The contradictory values of nostalgia and cynicism are well captured in Sydney Pollack’s Jeremiah Johnson, a film that became a blockbuster due to Robert Redford’s stardom and congruency with the zeitgeist–despite risky subject matter.
Disillusioned with society, the movie’s eponymous hero turns his back on civilization and goes back to Nature, as if he were following Thoreau’s scriptures in Walden.
A narrator sets the film’s mythic tone, informing that “nobody knows where he comes from,” and that Jeremiah “said goodbye to whatever life was there below.” The word “below” signifies both locations, below the mountains, and values, inferior life. Pollack (with cinematographer Andrew Callaghan) frames Utah’s vast lands in a way that dwarfs Jeremiah against the forceful magnitude of Nature.
Jeremiah is a dropout, a retreatist (to use Robert Merton’s typology of forms of anomie) a man who rejects society’s goals as well as the prescribed means to achieve them. Withdrawing into the past of the Western frontier, the film chronicles in detail his initial inexperience in fighting nature and the Indians. Jeremiah’s first winter is near fatal, until he meets another “professional” mountaineer who provides him with the basic tools for survival. “Keep your nose to the wind and your eye to the skyline,” advises Bear Clau, who also instructs him how to skin a bear, sleep on coals, hunt, trap, and deal–or avoid–the Indians. His solitude is interrupted by an Indian massacre of a settler’s family, leaving a crazed wife and a mute boy as survivors.
The film seizes the tension between Jeremiah’s need for complete solitude and for human relationship. Indeed, he becomes the surrogate father of the boy (after his mother kills herself) and, with his new Indian wife, establishes some sort of family life.
Along with disenchantment with society, the other motif is revenge. When the Crows slaughter his wife and boy, as a result of invading their sacred burial ground, Jeremiah goes on a revenge rampage. The film suggests that even a peaceful man could be forced to become a killer, and that one can never escape completely “Civilization’s” contamination. Unlike most Westerns, it does not present the Indians as an undistinguished mass, acknowledging Indian feuds and differentiating the Flatheads from the Crows.
However, the ending, in which Jeremiah encounters an Indian on a white horse, is ambiguous. They exchange looks that convey the complex relationship between the white man and the Indian: love-hate, respect-contempt. Initially, Pollack envisioned an ending in which Jeremiah freezes to death, a more logical resolution. But Redford opted for a more ambivalent ending, claiming that the viewers should make up their own minds.
Jeremiah Johnson contains elements of the myth that is described by the literary scholar Leslie Fiedler as “Good Companions in the Wilderness,” the meeting between the white fur trapper in the Wilderness and the Indian warrior. The power of this myth derives from its ability to contain the misogyny of the American male, hopes of reconciliation with the Indians, and retreat from the pressures of civilization itself. Jeremiah is a mysterious figure when the narrative begins and he remains an enigma at its end. An abstract type, a symbol of wild life, he must have struck chords with younger audiences.
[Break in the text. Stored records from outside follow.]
(* If a facet tau of an (N+1)-simplex of K1~(delta) is complete, the first column w of the
   lexicographically positive inverse W of L(tau) is a vector of convex weights with
   sum_j w_j l(y^j) = 0, i.e. sum_j w_j q_j = sum_j w_j v^j for the homotopy values
   q_j = (1 - t_j) c + t_j phi(v^j).  When the simplex touches the sphere of radius
   kG + k0, every v^j lies within N(N+1) delta of it, so phi(v^j) is tiny (its scaling factor
   (kG + k0 - |v|)/(|v| + k0) vanishes there) and |q_j| <= |c| + small.  On the other hand
   the vertices of K1~(delta) increase componentwise, so the convex combination of the v^j
   dominates the nonnegative vertex v^1 and has norm at least |v^1|, close to kG + k0.
   This is impossible for delta small enough.  The second part of the theorem is the small
   gain argument: a nonnegative fixed point w of phi has |w| < kh/2.  The hypotheses c >> 0,
   "no zero row" and the upper bound on |v^(N+2)| belong to the surrounding setting of the
   paper; the argument below does not need them. *)

section \<open>Comparison functions and the gain operator\<close>

lemma comparison_nonneg:
  assumes "class_Kinf g \<or> zero_fun_on_nonneg g" "0 \<le> x"
  shows "0 \<le> g x"
  using assms(1)
proof
  assume "class_Kinf g"
  then have sm: "strict_mono_on {0..} g" and "g 0 = 0" unfolding class_Kinf_def by blast+
  then show ?thesis
    using assms(2) strict_mono_onD[OF sm, of 0 x] by (cases "x = 0") auto
qed (use assms(2) in \<open>simp add: zero_fun_on_nonneg_def\<close>)

lemma comparison_mono:
  assumes "class_Kinf g \<or> zero_fun_on_nonneg g" "0 \<le> x" "x \<le> y"
  shows "g x \<le> g y"
  using assms(1)
proof
  assume "class_Kinf g"
  then have sm: "strict_mono_on {0..} g" unfolding class_Kinf_def by blast
  show ?thesis
    using assms(2,3) strict_mono_onD[OF sm, of x y] by (cases "x = y") auto
qed (use assms in \<open>simp add: zero_fun_on_nonneg_def\<close>)

lemma Gamma_mu_nonneg:
  assumes gam_cls: "\<And>i j. class_Kinf (gam i j) \<or> zero_fun_on_nonneg (gam i j)"
    and mu_maf: "\<And>i. MAF (mu i)" and v: "nonneg v"
  shows "nonneg (Gamma_mu mu gam v)"
proof -
  have "nonneg (\<chi> j. gam i j (v$j))" for i
    using comparison_nonneg[OF gam_cls] v by (simp add: nonneg_def)
  then show ?thesis using mu_maf unfolding Gamma_mu_def MAF_def by (simp add: nonneg_def)
qed

lemma Gamma_mu_bounded:
  assumes gam_cls: "\<And>i j. class_Kinf (gam i j) \<or> zero_fun_on_nonneg (gam i j)"
    and mu_maf: "\<And>i. MAF (mu i)" and v: "nonneg v" and R: "norm v \<le> R"
  shows "norm (Gamma_mu mu gam v) \<le> (\<Sum>i\<in>UNIV. mu i (\<chi> j. gam i j R + 1))"
proof -
  have "\<bar>Gamma_mu mu gam v $ i\<bar> \<le> mu i (\<chi> j. gam i j R + 1)" for i
  proof -
    have vj: "0 \<le> v$j" "v$j \<le> R" for j
      using v component_le_norm_cart[of v j] R by (auto simp: nonneg_def)
    have arg: "nonneg (\<chi> j. gam i j (v$j))"
      using comparison_nonneg[OF gam_cls] vj(1) by (simp add: nonneg_def)
    have bound: "nonneg (\<chi> j. gam i j R + 1)"
      using comparison_nonneg[OF gam_cls] order_trans[OF vj] by (simp add: nonneg_def add_nonneg_pos)
    have "gam i j (v$j) < gam i j R + 1" for j
      using comparison_mono[OF gam_cls vj(1)[of j] vj(2)[of j], of i j] by linarith
    then have "vgg (\<chi> j. gam i j R + 1) (\<chi> j. gam i j (v$j))"
      by (simp add: vgg_def)
    then have "mu i (\<chi> j. gam i j (v$j)) < mu i (\<chi> j. gam i j R + 1)"
      using mu_maf[of i] arg bound unfolding MAF_def by blast
    moreover have "0 \<le> mu i (\<chi> j. gam i j (v$j))" using mu_maf[of i] arg unfolding MAF_def by blast
    ultimately show ?thesis by (simp add: Gamma_mu_def)
  qed
  then have "(\<Sum>i\<in>UNIV. \<bar>Gamma_mu mu gam v $ i\<bar>) \<le> (\<Sum>i\<in>UNIV. mu i (\<chi> j. gam i j R + 1))"
    by (intro sum_mono) auto
  then show ?thesis using norm_le_l1_cart[of "Gamma_mu mu gam v"] by linarith
qed

lemma norm_mono_nonneg:
  fixes x y :: "real^'n"
  assumes "nonneg x" "\<And>i. x$i \<le> y$i"
  shows "norm x \<le> norm y"
proof -
  have "(\<Sum>i\<in>UNIV. x$i * x$i) \<le> (\<Sum>i\<in>UNIV. y$i * y$i)"
  proof (intro sum_mono)
    fix i
    have "0 \<le> x$i" using assms(1) by (simp add: nonneg_def)
    then show "x$i * x$i \<le> y$i * y$i" using assms(2)[of i] by (intro mult_mono) auto
  qed
  then show ?thesis by (simp add: norm_le inner_vec_def)
qed

text \<open>Small gain: a nonnegative fixed point of phi lies in the ball of radius kh/2.
  Outside that ball the additive term vanishes and phi(w) = f Gamma_mu(w) with f \<le> 1,
  so w = phi(w) would give Gamma_mu(w) \<ge> w (or w = 0 if f \<le> 0).\<close>

lemma phi_fixed_point_small:
  assumes gam_cls: "\<And>i j. class_Kinf (gam i j) \<or> zero_fun_on_nonneg (gam i j)"
    and mu_maf: "\<And>i. MAF (mu i)"
    and small_gain: "\<And>s. nonneg s \<Longrightarrow> s \<noteq> 0 \<Longrightarrow> \<not> vge (Gamma_mu mu gam s) s"
    and kh: "kh > 0" and w: "nonneg w" and fp: "phi mu gam k0 kG kh w = w"
  shows "norm w < kh / 2"
proof (rule ccontr)
  assume "\<not> norm w < kh / 2"
  then have nw: "kh / 2 \<le> norm w" by simp
  then have "w \<noteq> 0" using kh by auto
  define f where "f = 1 + min 0 ((kG - 2 * norm w) / (norm w + k0))"
  have f1: "f \<le> 1" unfolding f_def by linarith
  have "max 0 (kh - 2 * norm w) = 0" using nw by simp
  then have w_eq: "w = f *\<^sub>R Gamma_mu mu gam w"
    using fp unfolding phi_def f_def by simp
  have wi: "w $ i = f * Gamma_mu mu gam w $ i" for i
    using arg_cong[OF w_eq, of "\<lambda>x. x $ i"] by simp
  have Gi: "0 \<le> Gamma_mu mu gam w $ i" for i
    using Gamma_mu_nonneg[OF gam_cls mu_maf w] by (simp add: nonneg_def)
  have wi0: "0 \<le> w $ i" for i using w by (simp add: nonneg_def)
  show False
  proof (cases "f \<le> 0")
    case True
    have "w $ i = 0" for i
      using mult_nonpos_nonneg[OF True Gi[of i]] wi[of i] wi0[of i] by linarith
    then show False using \<open>w \<noteq> 0\<close> by (simp add: vec_eq_iff)
  next
    case False
    then have "w $ i \<le> Gamma_mu mu gam w $ i" for i
      using wi[of i] Gi[of i] f1 by (simp add: mult_left_le_one_le)
    then show False using small_gain[OF w \<open>w \<noteq> 0\<close>] by (simp add: vge_def)
  qed
qed

text \<open>Near the outer sphere of radius kG + k0 the map phi is small: if
  kG + k0 - e \<le> |v| < kG + k0 then phi(v) = f Gamma_mu(v) with 0 \<le> f \<le> e/k0.\<close>

lemma phi_small_near_outer_sphere:
  assumes "kG / 2 \<le> norm v" "norm v < kG + k0" "kG + k0 - e \<le> norm v"
    and "kh < kG" "0 < k0" "norm (Gamma_mu mu gam v) \<le> B"
  shows "norm (phi mu gam k0 kG kh v) \<le> e / k0 * B"
proof -
  let ?n = "norm v"
  define f where "f = (kG + k0 - ?n) / (?n + k0)"
  have "max 0 (kh - 2 * ?n) = 0" using assms by simp
  moreover have "(kG - 2 * ?n) / (?n + k0) \<le> 0"
    using assms by (intro divide_nonpos_pos) auto
  moreover have "1 + (kG - 2 * ?n) / (?n + k0) = f"
    unfolding f_def using assms by (simp add: field_simps)
  ultimately have ph: "phi mu gam k0 kG kh v = f *\<^sub>R Gamma_mu mu gam v"
    unfolding phi_def by (simp add: min_absorb2)
  have f0: "0 \<le> f" unfolding f_def using assms by (intro divide_nonneg_pos) auto
  have "f \<le> (kG + k0 - ?n) / k0" unfolding f_def using assms
    by (intro divide_left_mono) auto
  also have "\<dots> \<le> e / k0" using assms by (intro divide_right_mono) auto
  finally have "f \<le> e / k0" .
  then have "f * norm (Gamma_mu mu gam v) \<le> e / k0 * B"
    using f0 assms(6) by (intro mult_mono) auto
  then show ?thesis using ph f0 by simp
qed
(* Let $f\in\mathcal{E}$ be minimal and suppose $d(f^n)$ has linear growth. Then the centralizer $C(f)=\{g\in\mathcal{E}: fg=gf\}$ is virtually cyclic.
   Context: Identify $\mathbb{T}^1=\mathbb{R}/\mathbb{Z}$ with $[0,1)$. An interval exchange transformation is a bijection $f:\mathbb{T}^1\to\mathbb{T}^1$ for which there is a partition of $[0,1)$ into finitely many half-open intervals $[a,b)$ on each of which $f$ is a translation $x\mapsto x+c\pmod 1$. $\mathcal{E}$ is the group of interval exchanges. $d(f)$ is the number of points at which $f$ is discontinuous as a map of the circle $\mathbb{T}^1$. $f$ is minimal if every $f$-orbit is dense in $\mathbb{T}^1$. Linear growth of $d(f^n)$ means there is $c>0$ with $d(f^n)\ge c|n|$ for all sufficiently large $|n|$ (for interval exchanges, $d(f^n)$ is either bounded or grows linearly). *)

theory Defs
  imports "HOL-Analysis.Analysis"
begin

text \<open>The circle T^1 = R/Z is identified with [0,1). An interval exchange is
represented by a real function that is a bijection of [0,1) and (by convention)
the identity outside [0,1), so that composition and equality of maps are global.\<close>

definition iet :: "(real \<Rightarrow> real) \<Rightarrow> bool" where
  "iet f \<longleftrightarrow> bij_betw f {0..<1} {0..<1} \<and> (\<forall>x. x \<notin> {0..<1} \<longrightarrow> f x = x) \<and>
     (\<exists>(a::nat \<Rightarrow> real) (n::nat). a 0 = 0 \<and> a n = 1 \<and> (\<forall>i<n. a i < a (Suc i)) \<and>
        (\<forall>i<n. \<exists>c. \<forall>x. a i \<le> x \<and> x < a (Suc i) \<longrightarrow> f x = frac (x + c)))"
section \<open>The tensor algebra as finitely supported functions on words\<close>

definition supp :: "('w \<Rightarrow> 'k::zero) \<Rightarrow> 'w set" where "supp p = {w. p w \<noteq> 0}"

definition letters :: "'L set \<Rightarrow> 'L option set" where "letters X = insert None (Some ` X)"

definition tens_mul ::
    "('L option list \<Rightarrow> 'k::field) \<Rightarrow> ('L option list \<Rightarrow> 'k) \<Rightarrow> 'L option list \<Rightarrow> 'k" where
  "tens_mul p r = (\<lambda>w. \<Sum>n\<in>{0..length w}. p (take n w) * r (drop n w))"

definition word_delta :: "'L option list \<Rightarrow> 'L option list \<Rightarrow> 'k::field" where
  "word_delta u = (\<lambda>v. if v = u then 1 else 0)"

lemma tens_alg_carrier:
  "acar (tens_alg X) = {p. finite (supp p) \<and> (\<forall>w\<in>supp p. set w \<subseteq> letters X)}"
  unfolding tens_alg_def supp_def letters_def by auto

lemma tens_alg_ops [simp]:
  "aadd (tens_alg X) = (\<lambda>p r w. p w + r w)"
  "azero (tens_alg X) = (\<lambda>w. 0)"
  "amul (tens_alg X) = tens_mul"
  "aone (tens_alg X) = word_delta []"
  "asmul (tens_alg X) = (\<lambda>c p w. c * p w)"
  unfolding tens_alg_def supp_def letters_def tens_mul_def word_delta_def by (auto simp: fun_eq_iff)

lemma supp_add: "supp (\<lambda>w. (p::_\<Rightarrow>'k::field) w + r w) \<subseteq> supp p \<union> supp r"
  unfolding supp_def by auto

lemma supp_smul: "supp (\<lambda>w. (c::'k::field) * p w) \<subseteq> supp p"
  unfolding supp_def by auto

lemma supp_tens_mul: "supp (tens_mul p r) \<subseteq> (\<lambda>(u,v). u @ v) ` (supp p \<times> supp r)"
proof
  fix w assume "w \<in> supp (tens_mul p r)"
  then have "(\<Sum>n\<in>{0..length w}. p (take n w) * r (drop n w)) \<noteq> 0"
    unfolding supp_def tens_mul_def by simp
  then obtain n where "p (take n w) * r (drop n w) \<noteq> 0"
    using sum.not_neutral_contains_not_neutral by blast
  then have "take n w \<in> supp p" "drop n w \<in> supp r"
    unfolding supp_def by auto
  then show "w \<in> (\<lambda>(u,v). u @ v) ` (supp p \<times> supp r)"
    by (metis (mono_tags, lifting) append_take_drop_id case_prod_conv mem_Sigma_iff rev_image_eqI)
qed

lemma tens_mul_closed:
  assumes "p \<in> acar (tens_alg X)" "r \<in> acar (tens_alg X)"
  shows "tens_mul p r \<in> acar (tens_alg X)"
proof -
  have f: "finite (supp (tens_mul p r))"
    using assms by (auto simp: tens_alg_carrier intro: finite_subset[OF supp_tens_mul])
  have "set w \<subseteq> letters X" if w: "w \<in> supp (tens_mul p r)" for w
  proof -
    obtain u v where "u \<in> supp p" "v \<in> supp r" "w = u @ v"
      using supp_tens_mul[of p r] w by fast
    then show ?thesis
      using assms by (auto simp: tens_alg_carrier)
  qed
  then show ?thesis
    using f by (simp add: tens_alg_carrier)
qed

lemma tens_mul_assoc:
  fixes p r s :: "'L option list \<Rightarrow> 'k::field"
  shows "tens_mul (tens_mul p r) s = tens_mul p (tens_mul r s)"
proof
  fix w :: "'L option list"
  define L where "L = length w"
  define g where "g i j = p (take i w) * r (take j (drop i w)) * s (drop (i + j) w)" for i j
  have "tens_mul (tens_mul p r) s w = (\<Sum>k\<le>L. \<Sum>i\<le>k. g i (k - i))"
    unfolding tens_mul_def L_def g_def atLeast0AtMost
    by (intro sum.cong refl) (auto simp: sum_distrib_right take_drop min_def intro!: sum.cong)
  also have "\<dots> = (\<Sum>(i, j)\<in>{(i, j). i + j \<le> L}. g i j)"
    by (rule sum.triangle_reindex_eq[symmetric])
  also have "{(i, j). i + j \<le> L} = Sigma {..L} (\<lambda>i. {..L - i})"
    by auto
  also have "(\<Sum>(i, j)\<in>Sigma {..L} (\<lambda>i. {..L - i}). g i j) = (\<Sum>i\<le>L. \<Sum>j\<le>L - i. g i j)"
    by (rule sum.Sigma[symmetric]) auto
  also have "\<dots> = tens_mul p (tens_mul r s) w"
    unfolding tens_mul_def L_def g_def
    by (simp add: atLeast0AtMost sum_distrib_left mult.assoc add.commute)
  finally show "tens_mul (tens_mul p r) s w = tens_mul p (tens_mul r s) w" .
qed

lemma tens_mul_one_left: "tens_mul (word_delta []) r = r"
proof
  fix w
  have "tens_mul (word_delta []) r w = (\<Sum>n\<in>{0..length w}. if n = 0 then r w else 0)"
    unfolding tens_mul_def word_delta_def by (rule sum.cong) auto
  then show "tens_mul (word_delta []) r w = r w" by simp
qed

lemma tens_mul_one_right: "tens_mul p (word_delta []) = p"
proof
  fix w
  have "tens_mul p (word_delta []) w = (\<Sum>n\<in>{0..length w}. if n = length w then p w else 0)"
    unfolding tens_mul_def word_delta_def by (rule sum.cong) auto
  then show "tens_mul p (word_delta []) w = p w" by simp
qed

lemma tens_mul_add_right: "tens_mul p (\<lambda>w. r w + s w) = (\<lambda>w. tens_mul p r w + tens_mul p s w)"
  unfolding tens_mul_def by (simp add: distrib_left sum.distrib)

lemma tens_mul_add_left: "tens_mul (\<lambda>w. p w + r w) s = (\<lambda>w. tens_mul p s w + tens_mul r s w)"
  unfolding tens_mul_def by (simp add: distrib_right sum.distrib)

lemma tens_mul_smul_left: "tens_mul (\<lambda>w. c * p w) r = (\<lambda>w. c * tens_mul p r w)"
  unfolding tens_mul_def by (simp add: sum_distrib_left mult.assoc)
lemma Hset_mono:
  assumes "\<theta>1 < \<theta>2" "h1 \<in> Hset M B \<phi> r \<tau> \<alpha> k \<gamma> \<theta>1" "h2 \<in> Hset M B \<phi> r \<tau> \<alpha> k \<gamma> \<theta>2"
  shows "h1 \<le> h2"
proof -
  obtain Y1 Y2 where "Y1 \<in> argmax_set M B \<phi> r \<tau> \<alpha> k \<gamma> \<theta>1" "Y2 \<in> argmax_set M B \<phi> r \<tau> \<alpha> k \<gamma> \<theta>2"
    and h: "h1 = (\<integral>\<omega>. Y1 \<omega> powr \<alpha> \<partial>M)" "h2 = (\<integral>\<omega>. Y2 \<omega> powr \<alpha> \<partial>M)"
    using assms by (auto simp: Hset_def)
  then show ?thesis
    unfolding h argmax_set_def
    by (intro maximizer_weight_mono[OF _ _ \<open>\<theta>1 < \<theta>2\<close>, where A = "admissible M B \<phi> r \<tau>"
        and J = "\<lambda>Y. \<integral>\<omega>. Fobj \<alpha> k \<gamma> 0 (Y \<omega>) \<partial>M" and h = "\<lambda>Y. \<integral>\<omega>. Y \<omega> powr \<alpha> \<partial>M"])
      (auto simp flip: integral_Fobj_split)
qed

lemma Hset_unique:
  assumes "theta_low \<alpha> k < \<theta>" "h1 \<in> Hset M B \<phi> r \<tau> \<alpha> k \<gamma> \<theta>" "h2 \<in> Hset M B \<phi> r \<tau> \<alpha> k \<gamma> \<theta>"
  shows "h1 = h2"
proof -
  interpret budget_problem "sobj \<theta>" \<alpha> "1 + \<bar>\<theta>\<bar> + k" M N Z "1 + \<bar>\<theta>\<bar> + k * \<gamma> powr \<alpha>"
    by (rule budget_problem_sobj)
  obtain Y1 Y2 where Y: "optimal Y1" "optimal Y2"
    and h: "h1 = (\<integral>\<omega>. Y1 \<omega> powr \<alpha> \<partial>M)" "h2 = (\<integral>\<omega>. Y2 \<omega> powr \<alpha> \<partial>M)"
    using assms by (auto simp: Hset_def argmax_set_iff_optimal)
  have "AE \<omega> in M. Y1 \<omega> = Y2 \<omega>"
    using optimal_AE_unique[OF _ Y] sobj_global_max_unique assms(1) by (simp add: theta_low_eq)
  then have "AE \<omega> in M. Y1 \<omega> powr \<alpha> = Y2 \<omega> powr \<alpha>"
    by (rule eventually_mono) simp
  moreover have "Y1 \<in> budget_set" "Y2 \<in> budget_set"
    using Y by (simp_all add: optimal_def)
  ultimately show ?thesis
    unfolding h by (intro integral_cong_AE) (auto dest: budget_setD(1))
qed

lemma Hset_below_theta_low:
  assumes "\<theta> < theta_low \<alpha> k" "h \<in> Hset M B \<phi> r \<tau> \<alpha> k \<gamma> \<theta>"
  shows "h = 0"
proof -
  obtain Y where Y: "Y \<in> admissible M B \<phi> r \<tau>"
    and max: "\<And>Y'. Y' \<in> admissible M B \<phi> r \<tau> \<Longrightarrow>
      (\<integral>\<omega>. Fobj \<alpha> k \<gamma> \<theta> (Y' \<omega>) \<partial>M) \<le> (\<integral>\<omega>. Fobj \<alpha> k \<gamma> \<theta> (Y \<omega>) \<partial>M)"
    and h: "h = (\<integral>\<omega>. Y \<omega> powr \<alpha> \<partial>M)"
    using assms(2) by (auto simp: Hset_def argmax_set_def)
  note Y_nonneg = admissibleD(1)[OF Y]
  have "(\<lambda>\<omega>. 0) \<in> admissible M B \<phi> r \<tau>"
    by (simp add: admissible_def)
  from max[OF this] have "sobj \<theta> 0 \<le> (\<integral>\<omega>. Fobj \<alpha> k \<gamma> \<theta> (Y \<omega>) \<partial>M)"
    by (simp add: sobj_eq_Fobj prob_space)
  also have "\<dots> \<le> (\<integral>\<omega>. sobj \<theta> 0 + (\<theta> + c_hat) * Y \<omega> powr \<alpha> \<partial>M)"
    using admissibleD[OF Y] sobj_le_c_hat sobj_eq_Fobj by (intro integral_mono) auto
  also have "\<dots> = sobj \<theta> 0 + (\<theta> + c_hat) * h"
    using admissibleD(2)[OF Y] by (simp add: h prob_space)
  finally have "0 \<le> (\<theta> + c_hat) * h"
    by simp
  moreover have "\<theta> + c_hat < 0"
    using assms(1) by (simp add: theta_low_eq)
  moreover have "0 \<le> h"
    unfolding h by (intro integral_nonneg_AE AE_I2) simp
  ultimately show ?thesis
    by (simp add: zero_le_mult_iff)
qed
The film Jeremiah Johnson demonstrated the problem of casting a movie star in such role. Clearly, this film could not have been made without Redford’s bankable stature, but his handsome looks and established screen image, as an urban and suave man, worked against the credibility of the simplicity and primitiveness of the character he had to play.
Jeremiah Johnson also sends contradictory messages of both right wing and left-wing. It imparts disgust with the white establishment and desire for peaceful life in Nature but also shows that savagery and violence are universal elements in the City as well as in Nature.